We maintain a held-out test set to prevent overfitting. Tool improvements are tested against tasks the improvement agent has never seen, ensuring that fixes generalize rather than memorize.

What This Looks Like in Practice

Here is a concrete example of the loop in action:

Problem detected: The getProjectContext tool had a 23% redundant call rate — agents frequently called it twice per task.

Transcript analysis: Agents called the tool once for project metadata, then again for project settings. The tool returned both, but the response was large (~1,500 tokens) and agents could not find the settings within the metadata block.

Fix: Added a responseFormat parameter with options concise (metadata only, ~200 tokens) and detailed (full context, ~1,500 tokens). Updated the description to recommend starting with concise.

Result: Redundant call rate dropped from 23% to 3%. Token consumption per task dropped 18%.

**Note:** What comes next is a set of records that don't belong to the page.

lemma fcone_extreme_point:
  fixes c :: "nat ^ 'n \<Rightarrow> real"
  assumes fin: "finite (supp c)" and ne: "supp c \<noteq> {}"
    and z: "z extreme_point_of dual_polyhedron c"
  shows "fcone c z = {t *\<^sub>R z | t. 0 < t}"
proof
  have zN: "z \<in> nonneg_orthant" using z by (simp add: extreme_point_of_def dual_polyhedron_def)
  have zmf: "mf c z = 1" using extreme_point_dual_polyhedron_mf[OF fin ne z] .
  obtain nu0 where nu0: "nu0 \<in> supp c" "z \<bullet> expv nu0 = 1" using mf_attained[OF fin ne zN] zmf by metis
  have axis_N: "axis i 1 \<in> nonneg_orthant" for i by (simp add: nonneg_orthant_def axis_def)
  show "fcone c z \<subseteq> {t *\<^sub>R z | t. 0 < t}"
  proof
    fix b assume "b \<in> fcone c z"
    then have bN: "b \<in> nonneg_orthant" and gb: "gammaf c b = gammaf c z" by (auto simp: fcone_def)
    have b_face: "b \<bullet> v = mf c b" if "v \<in> newton c" "z \<bullet> v = 1" for v
      using that zmf gb by (auto simp: gammaf_def)
    have "b$i = 0" if "z$i = 0" for i
      using b_face[OF expv_add_in_newton[OF nu0(1) axis_N]] b_face[OF expv_in_newton[OF nu0(1)]]
        nu0(2) that by (simp add: inner_add_right inner_axis)
    then have "b - mf c b *\<^sub>R z = 0"
      using b_face expv_in_newton
      by (intro extreme_point_dual_polyhedron_rigid[OF fin z]) (auto simp: inner_diff_left)
    then have b_eq: "b = mf c b *\<^sub>R z" by simp
    have "mf c b \<noteq> 0"
    proof
      assume "mf c b = 0"
      then have "gammaf c z = newton c" using b_eq gb gammaf_zero[OF fin ne] by simp
      then have on_face: "z \<bullet> v = 1" if "v \<in> newton c" for v using that zmf by (auto simp: gammaf_def)
      obtain j where "z$j \<noteq> 0" using nu0 by (metis inner_zero_left vec_eq_iff zero_index zero_neq_one)
      moreover have "z \<bullet> (expv nu0 + axis j 1) = 1"
        using on_face expv_add_in_newton[OF nu0(1) axis_N] by blast
      ultimately show False using nu0(2) by (simp add: inner_add_right inner_axis)
    qed
    then show "b \<in> {t *\<^sub>R z | t. 0 < t}" using b_eq mf_nonneg[OF fin ne bN] by force
  qed
  show "{t *\<^sub>R z | t. 0 < t} \<subseteq> fcone c z"
    using gammaf_scaleR[OF fin ne zN] scaleR_nonneg_orthant[OF zN] by (auto simp: fcone_def)
qed

text \<open>Applied coordinatewise, a \<rat>-linear functional \<phi> with \<phi> 1 = 1 preserves the active
  constraints, which have integer coefficients; so z - \<phi>(z) is zero by rigidity.\<close>
lemma extreme_point_rational:
  fixes c :: "nat ^ 'n \<Rightarrow> real"
  assumes fin: "finite (supp c)" and ne: "supp c \<noteq> {}"
    and z: "z extreme_point_of dual_polyhedron c"
  shows "z$i \<in> \<rat>"
proof -
  obtain \<phi> :: "real \<Rightarrow> rat" where \<phi>: "\<And>x y. \<phi> (x + y) = \<phi> x + \<phi> y"
    "\<And>q x. \<phi> (of_rat q * x) = q * \<phi> x" "\<phi> 1 = 1"
    using exists_rat_linear_functional by blast
  have \<phi>_0: "\<phi> 0 = 0" using \<phi>(2)[of 0 1] by simp
  have \<phi>_sum: "\<phi> (sum f A) = (\<Sum>i\<in>A. \<phi> (f i))" for f and A :: "'n set"
    by (induction A rule: infinite_finite_induct) (auto simp: \<phi>_0 \<phi>(1))
  define \<psi> :: "real ^ 'n" where "\<psi> = (\<chi> i. of_rat (\<phi> (z$i)))"
  have "\<psi> \<bullet> expv nu = of_rat (\<phi> (z \<bullet> expv nu))" for nu
  proof -
    have "\<phi> (z$i * real (nu$i)) = of_nat (nu$i) * \<phi> (z$i)" for i
      using \<phi>(2)[of "of_nat (nu$i)" "z$i"] by (simp add: mult.commute)
    then show ?thesis
      by (simp add: inner_expv \<psi>_def \<phi>_sum of_rat_sum of_rat_mult mult.commute)
  qed
  then have "z - \<psi> = 0"
    by (intro extreme_point_dual_polyhedron_rigid[OF fin z]) (auto simp: \<psi>_def \<phi>_0 \<phi>(3) inner_diff_left)
  then show ?thesis by (metis \<psi>_def vec_lambda_beta Rats_of_rat right_minus_eq)
qed

lemma extreme_point_Gamma1_plus:
  fixes c :: "nat ^ 'n \<Rightarrow> real"
  assumes fin: "finite (supp c)" and ne: "supp c \<noteq> {}"
    and z: "z extreme_point_of dual_polyhedron c"
  obtains r where "r \<in> Gamma1_plus c" "ssum r / mf c r = ssum z"
proof -
  have zN: "z \<in> nonneg_orthant" using z by (simp add: extreme_point_of_def dual_polyhedron_def)
  have zmf: "mf c z = 1" using extreme_point_dual_polyhedron_mf[OF fin ne z] .
  then have "z \<noteq> 0" using mf_scaleR[OF fin ne zN, of 0] by auto
  obtain k :: "nat ^ 'n" and t where kt: "0 < t" "expv k = t *\<^sub>R z" "Gcd (range (\<lambda>i. k$i)) = 1"
    using rational_vector_primitive_multiple extreme_point_rational[OF fin ne z] zN \<open>z \<noteq> 0\<close> by metis
  have "fcone c (expv k) = fcone c z"
    using gammaf_scaleR[OF fin ne zN kt(1)] kt(2) by (simp add: fcone_def)
  then have "aff_dim (fcone c (expv k)) = 1"
    using fcone_extreme_point[OF fin ne z] aff_dim_open_ray[OF \<open>z \<noteq> 0\<close>] by simp
  then have "expv k \<in> Gamma1 c" using kt(3) unfolding Gamma1_def by blast
  moreover have "mf c (expv k) = t" using mf_scaleR[OF fin ne zN, of t] kt zmf by simp
  ultimately have "expv k \<in> Gamma1_plus c" using kt(1) by (simp add: Gamma1_plus_def)
  moreover have "ssum (expv k) / mf c (expv k) = ssum z"
    using \<open>mf c (expv k) = t\<close> kt by (simp add: ssum_scaleR)
  ultimately show ?thesis using that by blast
qed

lemma Gamma1_plus_nonneg_orthant: "a \<in> Gamma1_plus c \<Longrightarrow> a \<in> nonneg_orthant"
  using expv_nonneg by (auto simp: Gamma1_plus_def Gamma1_def)

lemma Gamma1_plus_normalized:
  assumes fin: "finite (supp c)" and ne: "supp c \<noteq> {}" and a: "a \<in> Gamma1_plus c"
  defines "b \<equiv> (1 / mf c a) *\<^sub>R a"
  shows "b \<in> nonneg_orthant" "mf c b = 1" "hf c b = 1 - ssum a / mf c a"
proof -
  have aN: "a \<in> nonneg_orthant" and "0 < mf c a"
    using a Gamma1_plus_nonneg_orthant by (auto simp: Gamma1_plus_def)
  then show "b \<in> nonneg_orthant" "mf c b = 1"
    using scaleR_nonneg_orthant[OF aN] mf_scaleR[OF fin ne aN] by (simp_all add: b_def)
  then show "hf c b = 1 - ssum a / mf c a" by (simp add: hf_def b_def ssum_scaleR)
qed

lemma hf_le_Gamma1_plus:
  assumes fin: "finite (supp c)" and ne: "supp c \<noteq> {}"
    and aN: "a \<in> nonneg_orthant" and "mf c a \<le> 1" and "0 < hf c a"
  obtains r where "r \<in> Gamma1_plus c" "hf c a \<le> 1 - ssum r / mf c r"
proof -
  define m where "m = mf c a"
  have "0 < m" using assms ssum_nonneg[OF aN] by (simp add: hf_def m_def)
  define b where "b = (1 / m) *\<^sub>R a"
  have bN: "b \<in> nonneg_orthant" using scaleR_nonneg_orthant[OF aN] \<open>0 < m\<close> by (simp add: b_def)
  have "mf c b = 1" using mf_scaleR[OF fin ne aN, of "1 / m"] \<open>0 < m\<close> by (simp add: b_def m_def)
  then have "hf c b = hf c a / m" using \<open>0 < m\<close> by (simp add: hf_def b_def ssum_scaleR m_def field_simps)
  also have "\<dots> \<ge> hf c a" using assms \<open>0 < m\<close> by (simp add: m_def field_simps)
  finally have a_le_b: "hf c a \<le> 1 - ssum b" using \<open>mf c b = 1\<close> by (simp add: hf_def)
  have "b \<in> dual_polyhedron c" using bN \<open>mf c b = 1\<close> dual_polyhedron_iff[OF fin ne] by simp
  then obtain z where z: "z extreme_point_of dual_polyhedron c" "ssum z \<le> ssum b"
    by (rule dual_polyhedron_extreme_point_below)
  obtain r where "r \<in> Gamma1_plus c" "ssum r / mf c r = ssum z"
    using extreme_point_Gamma1_plus[OF fin ne z(1)] .
  then show ?thesis using that a_le_b z(2) by fastforce
qed

lemma bdd_above_hf_R1: "bdd_above {hf c a | a. a \<in> nonneg_orthant \<and> 0 \<le> mf c a \<and> mf c a \<le> 1}"
  unfolding bdd_above_def using ssum_nonneg by (force simp: hf_def intro!: exI[of _ 1])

One parameter change. One description update. Measurable improvement across every metric.

The Key Insight

Evaluation is not a one-time quality gate. It is a continuous loop that drives systematic improvement. Every round of evaluation reveals tool design issues that are invisible without data.

The most impactful improvements are usually the smallest: a renamed parameter, a restructured response, a more specific error message. But you cannot find them without measuring, and you cannot measure without a structured evaluation process.

Tools are contracts between deterministic systems and non-deterministic agents. Evaluation is how you ensure those contracts are working. Without it, you are optimizing by intuition — and intuition is unreliable when the system is non-deterministic.